The women who have stayed inside their traditions despite this — who have loved their faith enough to refuse to leave it to the men — are doing something both demanding and important. The female imam. The Catholic theologian arguing from scripture for women's ordination. The Muslim feminist scholar excavating the egalitarian core of early Islamic practice from beneath centuries of male jurisprudence. These are not anomalies. They are the long reclamation project that happens inside religion, and it is quietly ongoing.
The Honest Conversation
True encounter between traditions — not the polite kind, but the kind that might actually produce something — requires honesty about what each tradition has taken as well as what it has given. It requires Christians to sit with the history of crusade, colonialism, and missionary violence. It requires Muslims to engage unflinchingly with how women's autonomy has been curtailed in the name of faith in many communities. It requires everyone to acknowledge that the cosmological and cultural traditions that shape us — including the sixty-year zodiac — have not been neutral about women's place.

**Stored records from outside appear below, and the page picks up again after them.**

(* For $\mathsf{BST}^{\otimes}$-conjunctions, finite satisfiability and hereditarily finite satisfiability are equivalent: a $\mathsf{BST}^{\otimes}$-conjunction has a finite model if and only if it has a hereditarily finite model. Moreover, a $\mathsf{BST}^{\otimes}$-conjunction with $n$ variables is (hereditarily) finitely satisfiable if and only if it is fulfilled by an accessible $\otimes$-graph of size at most $2^{n}-1$ that admits a topological $\otimes$-order.
   Context: Sets range over the von Neumann universe of well-founded sets; $\mathsf{HF}$ denotes the set of hereditarily finite sets. For sets $s,t$, $s\otimes t=\{\{u,v\} : u\in s,\ v\in t\}$. A set assignment $M$ maps variables to sets; it satisfies a formula if the formula is true when each variable $v$ is interpreted as $Mv$. A $\mathsf{BST}^{\otimes}$-conjunction is a finite conjunction of literals of the forms $x=y\cup z$, $x=y\setminus z$, $x=y\otimes z$, $x\neq y$ ($x,y,z$ set variables). It is finitely (resp. hereditarily finitely) satisfiable if it is satisfied by some set assignment $M$ on its variables with $\bigcup_v Mv$ finite (resp. $\bigcup_v Mv\in\mathsf{HF}$). A $\otimes$-graph $\mathcal G=(\mathcal P,\mathcal N,\mathcal T)$ consists of a set $\mathcal P$ of places, the set of nodes $\mathcal N=\mathcal P\otimes\mathcal P$ (the nonempty subsets of $\mathcal P$ with at most two elements), $\mathcal P\cap\mathcal N=\emptyset$, and a target map $\mathcal T:\mathcal N\to\mathcal P(\mathcal P)$. Size of $\mathcal G$ is $|\mathcal P|$. A source place is a place belonging to no $\mathcal T(A)$; a node $A$ is a $\otimes$-node if $\mathcal T(A)\neq\emptyset$. The accessible places form the smallest set of places containing all source places and containing $\mathcal T(A)$ whenever all places of $A$ belong to it; $\mathcal G$ is accessible if every place is accessible. A topological $\otimes$-order of $\mathcal G$ is a total order $\prec$ on $\mathcal P$ such that $\max_\prec A\prec\max_\prec\mathcal T(A)$ for every $\otimes$-node $A$. A map $\mathfrak F:\mathrm{Vars}(\Phi)\to\mathcal P(\mathcal P)$ is $\mathcal G$-fulfilling for $\Phi$ if: (a) $\mathfrak F(x)=\mathfrak F(y)\star\mathfrak F(z)$ for each conjunct $x=y\star z$, $\star\in\{\cup,\setminus\}$; (b) $\mathfrak F(x)\neq\mathfrak F(y)$ for each conjunct $x\neq y$; (c) for each conjunct $x=y\otimes z$: (c1) $\emptyset\neq\mathcal T(\{\upsilon,\zeta\})\subseteq\mathfrak F(x)$ for all $\upsilon\in\mathfrak F(y),\zeta\in\mathfrak F(z)$; (c2) $\mathfrak F(x)\subseteq\bigcup\{\mathcal T(A):A\in\mathfrak F(y)\otimes\mathfrak F(z)\}$; (c3) $\bigcup\{\mathcal T(A):A\in\mathcal N\setminus(\mathfrak F(y)\otimes\mathfrak F(z))\}\cap\mathfrak F(x)=\emptyset$. $\mathcal G$ fulfills $\Phi$ if such a map exists. *)

theory Defs
  imports Main
begin

text \<open>The von Neumann
  universe (restricted to any set-sized transitive fragment containing HF) is such
  a structure.\<close>

definition set_universe :: "('u \<Rightarrow> 'u \<Rightarrow> bool) \<Rightarrow> bool" where
  "set_universe mem \<longleftrightarrow>
     wfp mem \<and>
     (\<forall>x y. (\<forall>z. mem z x \<longleftrightarrow> mem z y) \<longrightarrow> x = y) \<and>
     (\<forall>S. finite S \<longrightarrow> (\<exists>x. \<forall>z. mem z x \<longleftrightarrow> z \<in> S))"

We are simultaneously in a Fire Horse year — a year that historically disrupts existing orders — and in two of the great seasons of religious introspection. That is an unusual alignment. Disruption and reflection at the same time. Momentum and stillness. Fire and ash.
Maybe that's the invitation: to bring the Fire Horse energy into the seasons of fasting. Not to burn everything down, but to ask, in the quiet that fasting creates, which parts of our traditions we have accepted as sacred that are actually just old, inherited fear of women who refuse to be small.
The ash says: you are dust.
The fast says: you are not only your hunger.
The Fire Horse says: now is not the time to play small.
All three might be right.
The women born in 1966 who were told they were too dangerous to exist grew up anyway. They are in their sixties now — the age of completion and rebirth in Chinese tradition. That seems worth noting.
As a woman in my fifties - I celebrate. Now is the time for woman around the globe. We will not be silenced.